Delayed cutaneous wound healing in young and old female mice is associated with differential growth factor release but not inflammatory cytokine secretion.

The capacity for tissue repair during wound healing declines with age. A chronic low but systemic inflammatory status, often called "inflammaging", is considered a key factor that contributes to impaired tissue regeneration. This phenomenon has been substantiated by an increased number of immune cells in wound-tissue of old mice. Although immune cells coordinate an inflammatory response by their secretome the composition of the wound milieu has not been examined. In young (2 months) and old (18 months) female mice, excision wounds were induced using a punch biopsy device, i.e., the healing progress occurred through secondary intention. The closure rate was analyzed for 7 days. At days 1, 3 and 7 post-surgery, wound specimen were investigated for immunohistochemical detection of granulocytes, M1-macrophages and mesenchymal stem cells of the skin. The concentrations of inflammatory cytokines and regenerative growth factors were determined in tissue homogenates by ELISA. The carbonyl assay was used to determine protein oxidation.
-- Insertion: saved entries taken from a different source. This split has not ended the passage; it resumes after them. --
lemma integral_cell_coupling:
  fixes c :: "'a \<Rightarrow> 'a \<Rightarrow> real"
  shows "integrable (cell_coupling \<nu> \<rho> T S p) (\<lambda>z. c (T (fst z)) (S (snd z)))"
    and "(\<integral>z. c (T (fst z)) (S (snd z)) \<partial>cell_coupling \<nu> \<rho> T S p) = plan_value c (range T) (range S) p"
proof -
  let ?\<gamma> = "cell_coupling \<nu> \<rho> T S p"
  interpret \<gamma>: prob_space ?\<gamma> using couplings_prob_space[OF cell_coupling_in_couplings] .
  define U where "U z = (T (fst z), S (snd z))" for z :: "'a \<times> 'a"
  have U: "U \<in> borel_measurable ?\<gamma>"
    unfolding U_def[abs_def] borel_prod[symmetric] using T(1) S(1)
    by (intro couplings_measurable[OF cell_coupling_in_couplings] measurable_Pair) auto
  have range_U: "range U = range T \<times> range S"
  proof
    show "range T \<times> range S \<subseteq> range U"
    proof clarify
      fix x y show "(T x, S y) \<in> range U" using rangeI[of U "(x, y)"] by (simp add: U_def)
    qed
  qed (auto simp: U_def)
  then have finite_U: "finite (range U)" using T(2) S(2) by simp
  show "integrable ?\<gamma> (\<lambda>z. c (T (fst z)) (S (snd z)))"
    using integral_finite_range(1)[OF U finite_U \<gamma>.finite_measure_axioms, of "case_prod c"] by (simp add: U_def)
  have "space ?\<gamma> = UNIV"
    using prob_measuresD(3)[OF \<nu>] prob_measuresD(3)[OF \<rho>] by (simp add: cell_coupling_def space_pair_measure)
  then have cell_U: "U -` {u} \<inter> space ?\<gamma> = T -` {fst u} \<times> S -` {snd u}" for u
    by (cases u) (auto simp: U_def)
  have "(\<integral>z. case_prod c (U z) \<partial>?\<gamma>) = (\<Sum>u\<in>range U. case_prod c u * measure ?\<gamma> (U -` {u} \<inter> space ?\<gamma>))"
    by (rule integral_finite_range(2)[OF U finite_U \<gamma>.finite_measure_axioms])
  also have "\<dots> = plan_value c (range T) (range S) p"
    unfolding range_U cell_U measure_cell_coupling_cell plan_value_def by (simp add: case_prod_beta mult.commute)
  finally show "(\<integral>z. c (T (fst z)) (S (snd z)) \<partial>?\<gamma>) = plan_value c (range T) (range S) p"
    by (simp add: U_def)
qed

end

section \<open>From measures to convex functions\<close>

lemma optimal_plan_C1_potentials:
  fixes J I :: "'a::euclidean_space set"
  assumes J: "finite J" and I: "finite I" "I \<noteq> {}" "\<And>t. t \<in> I \<Longrightarrow> norm t \<le> 1"
    and p: "p \<in> transport_plans J I \<alpha> \<beta>"
    and opt: "\<And>q. q \<in> transport_plans J I \<alpha> \<beta> \<Longrightarrow> plan_value (\<bullet>) J I q \<le> plan_value (\<bullet>) J I p"
  obtains f h where "f \<in> C1" and "\<And>y t. t \<in> I \<Longrightarrow> y \<bullet> t \<le> f y + h t"
    and "plan_value (\<bullet>) J I p = (\<Sum>j\<in>J. f j * \<alpha> j) + (\<Sum>i\<in>I. h i * \<beta> i)"
proof -
  have support: "{x. 0 < p x} \<subseteq> J \<times> I"
  proof
    fix x assume "x \<in> {x. 0 < p x}"
    then show "x \<in> J \<times> I" using transport_plansD(1)[OF p, of x] by auto
  qed
  then have "finite {x. 0 < p x}" using J I(1) by (rule finite_subset[OF _ finite_cartesian_product])
  define h where "h = chain_potential (\<bullet>) {x. 0 < p x}"
  have h: "j \<bullet> t - h t \<le> j \<bullet> i - h i" if "(j, i) \<in> {x. 0 < p x}" for j i t
    unfolding h_def using cyclically_monotone_potential[OF \<open>finite {x. 0 < p x}\<close>
        optimal_plan_cyclically_monotone[OF J I(1) p opt] that] .
  define f where "f y = Max ((\<lambda>t. t \<bullet> y + - h t) ` I)" for y
  have "f \<in> C1" unfolding f_def[abs_def] using I by (rule Max_affine_in_C1)
  moreover have f_ge: "y \<bullet> t \<le> f y + h t" if "t \<in> I" for y t
  proof -
    have "t \<bullet> y + - h t \<le> f y" unfolding f_def using I(1) that by (intro Max_ge) auto
    then show ?thesis by (simp add: inner_commute)
  qed
  moreover have "j \<bullet> i = f j + h i" if "0 < p (j, i)" for j i
  proof -
    have "f j \<in> (\<lambda>t. t \<bullet> j + - h t) ` I" unfolding f_def using I(1,2) by (intro Max_in) auto
    then obtain t where "t \<in> I" "f j = t \<bullet> j - h t" by auto
    then have "f j \<le> j \<bullet> i - h i" using h[of j i t] that by (simp add: inner_commute)
    moreover have "i \<in> I" using support that by auto
    ultimately show ?thesis using f_ge[of i j] by simp
  qed
  then have "plan_value (\<bullet>) J I p = (\<Sum>j\<in>J. f j * \<alpha> j) + (\<Sum>i\<in>I. h i * \<beta> i)"
    by (intro plan_value_eq_potentials[OF p J I(1)])
  ultimately show thesis by (rule that)
qed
In old mice, the wound closure was delayed between days 1 and 3 post-surgery, as was the peak of immune cell infiltration. There was no age effect on the concentration of inflammatory cytokines, but wounds of young animals contained higher number of mesenchymal stem cells and increased levels of growth factors. Protein oxidation was increased with age. The present study suggests that a reduced regenerative capacity rather than an enhanced inflammatory score affected the tissue regeneration process in old mice.